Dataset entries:
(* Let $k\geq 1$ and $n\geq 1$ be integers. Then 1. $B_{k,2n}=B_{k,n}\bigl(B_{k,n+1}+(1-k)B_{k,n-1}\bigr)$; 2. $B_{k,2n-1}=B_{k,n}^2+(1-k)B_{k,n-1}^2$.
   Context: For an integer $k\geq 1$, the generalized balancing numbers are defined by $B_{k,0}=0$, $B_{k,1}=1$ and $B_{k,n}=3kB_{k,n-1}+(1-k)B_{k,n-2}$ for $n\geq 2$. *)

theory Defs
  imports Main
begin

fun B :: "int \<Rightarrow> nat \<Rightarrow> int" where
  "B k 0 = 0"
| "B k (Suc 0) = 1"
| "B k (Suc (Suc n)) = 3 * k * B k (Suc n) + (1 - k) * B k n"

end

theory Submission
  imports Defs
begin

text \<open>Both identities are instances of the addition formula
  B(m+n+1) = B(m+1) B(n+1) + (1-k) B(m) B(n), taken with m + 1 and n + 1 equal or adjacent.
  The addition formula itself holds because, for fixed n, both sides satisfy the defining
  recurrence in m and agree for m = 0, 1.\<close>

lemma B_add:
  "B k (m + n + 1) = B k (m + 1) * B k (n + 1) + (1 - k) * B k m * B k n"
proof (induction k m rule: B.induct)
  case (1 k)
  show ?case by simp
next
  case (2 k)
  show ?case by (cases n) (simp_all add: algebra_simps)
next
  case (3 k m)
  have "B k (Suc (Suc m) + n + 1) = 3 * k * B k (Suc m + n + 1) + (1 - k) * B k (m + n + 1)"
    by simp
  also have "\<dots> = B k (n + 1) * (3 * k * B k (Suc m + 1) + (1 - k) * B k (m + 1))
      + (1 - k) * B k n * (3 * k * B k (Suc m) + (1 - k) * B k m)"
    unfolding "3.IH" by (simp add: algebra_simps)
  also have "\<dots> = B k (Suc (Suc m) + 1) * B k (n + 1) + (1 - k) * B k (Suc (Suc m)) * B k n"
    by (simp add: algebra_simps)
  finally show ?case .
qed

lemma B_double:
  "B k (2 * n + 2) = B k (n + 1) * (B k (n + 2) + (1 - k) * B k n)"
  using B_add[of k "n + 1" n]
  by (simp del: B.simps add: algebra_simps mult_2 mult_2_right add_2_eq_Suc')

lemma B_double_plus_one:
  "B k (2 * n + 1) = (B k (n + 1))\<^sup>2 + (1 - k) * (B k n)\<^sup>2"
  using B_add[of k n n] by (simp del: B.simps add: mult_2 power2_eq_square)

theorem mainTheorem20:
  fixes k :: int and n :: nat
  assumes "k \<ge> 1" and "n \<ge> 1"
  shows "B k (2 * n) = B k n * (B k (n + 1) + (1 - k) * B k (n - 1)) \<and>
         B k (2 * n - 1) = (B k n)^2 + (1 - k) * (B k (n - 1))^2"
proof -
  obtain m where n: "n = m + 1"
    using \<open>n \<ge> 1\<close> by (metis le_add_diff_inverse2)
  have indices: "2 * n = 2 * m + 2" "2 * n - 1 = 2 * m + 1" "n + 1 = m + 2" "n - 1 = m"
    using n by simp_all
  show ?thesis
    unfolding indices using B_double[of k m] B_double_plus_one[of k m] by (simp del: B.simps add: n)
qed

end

◆ ASSIGNMENT
Please transcribe exactly the line containing "show ?case by (cases" and every line after it through the end of the records, and nothing else.

◆ OUTPUT OF THE TASK
  show ?case by (cases n) (simp_all add: algebra_simps)
next
  case (3 k m)
  have "B k (Suc (Suc m) + n + 1) = 3 * k * B k (Suc m + n + 1) + (1 - k) * B k (m + n + 1)"
    by simp
  also have "\<dots> = B k (n + 1) * (3 * k * B k (Suc m + 1) + (1 - k) * B k (m + 1))
      + (1 - k) * B k n * (3 * k * B k (Suc m) + (1 - k) * B k m)"
    unfolding "3.IH" by (simp add: algebra_simps)
  also have "\<dots> = B k (Suc (Suc m) + 1) * B k (n + 1) + (1 - k) * B k (Suc (Suc m)) * B k n"
    by (simp add: algebra_simps)
  finally show ?case .
qed

lemma B_double:
  "B k (2 * n + 2) = B k (n + 1) * (B k (n + 2) + (1 - k) * B k n)"
  using B_add[of k "n + 1" n]
  by (simp del: B.simps add: algebra_simps mult_2 mult_2_right add_2_eq_Suc')

lemma B_double_plus_one:
  "B k (2 * n + 1) = (B k (n + 1))\<^sup>2 + (1 - k) * (B k n)\<^sup>2"
  using B_add[of k n n] by (simp del: B.simps add: mult_2 power2_eq_square)

theorem mainTheorem20:
  fixes k :: int and n :: nat
  assumes "k \<ge> 1" and "n \<ge> 1"
  shows "B k (2 * n) = B k n * (B k (n + 1) + (1 - k) * B k (n - 1)) \<and>
         B k (2 * n - 1) = (B k n)^2 + (1 - k) * (B k (n - 1))^2"
proof -
  obtain m where n: "n = m + 1"
    using \<open>n \<ge> 1\<close> by (metis le_add_diff_inverse2)
  have indices: "2 * n = 2 * m + 2" "2 * n - 1 = 2 * m + 1" "n + 1 = m + 2" "n - 1 = m"
    using n by simp_all
  show ?thesis
    unfolding indices using B_double[of k m] B_double_plus_one[of k m] by (simp del: B.simps add: n)
qed

end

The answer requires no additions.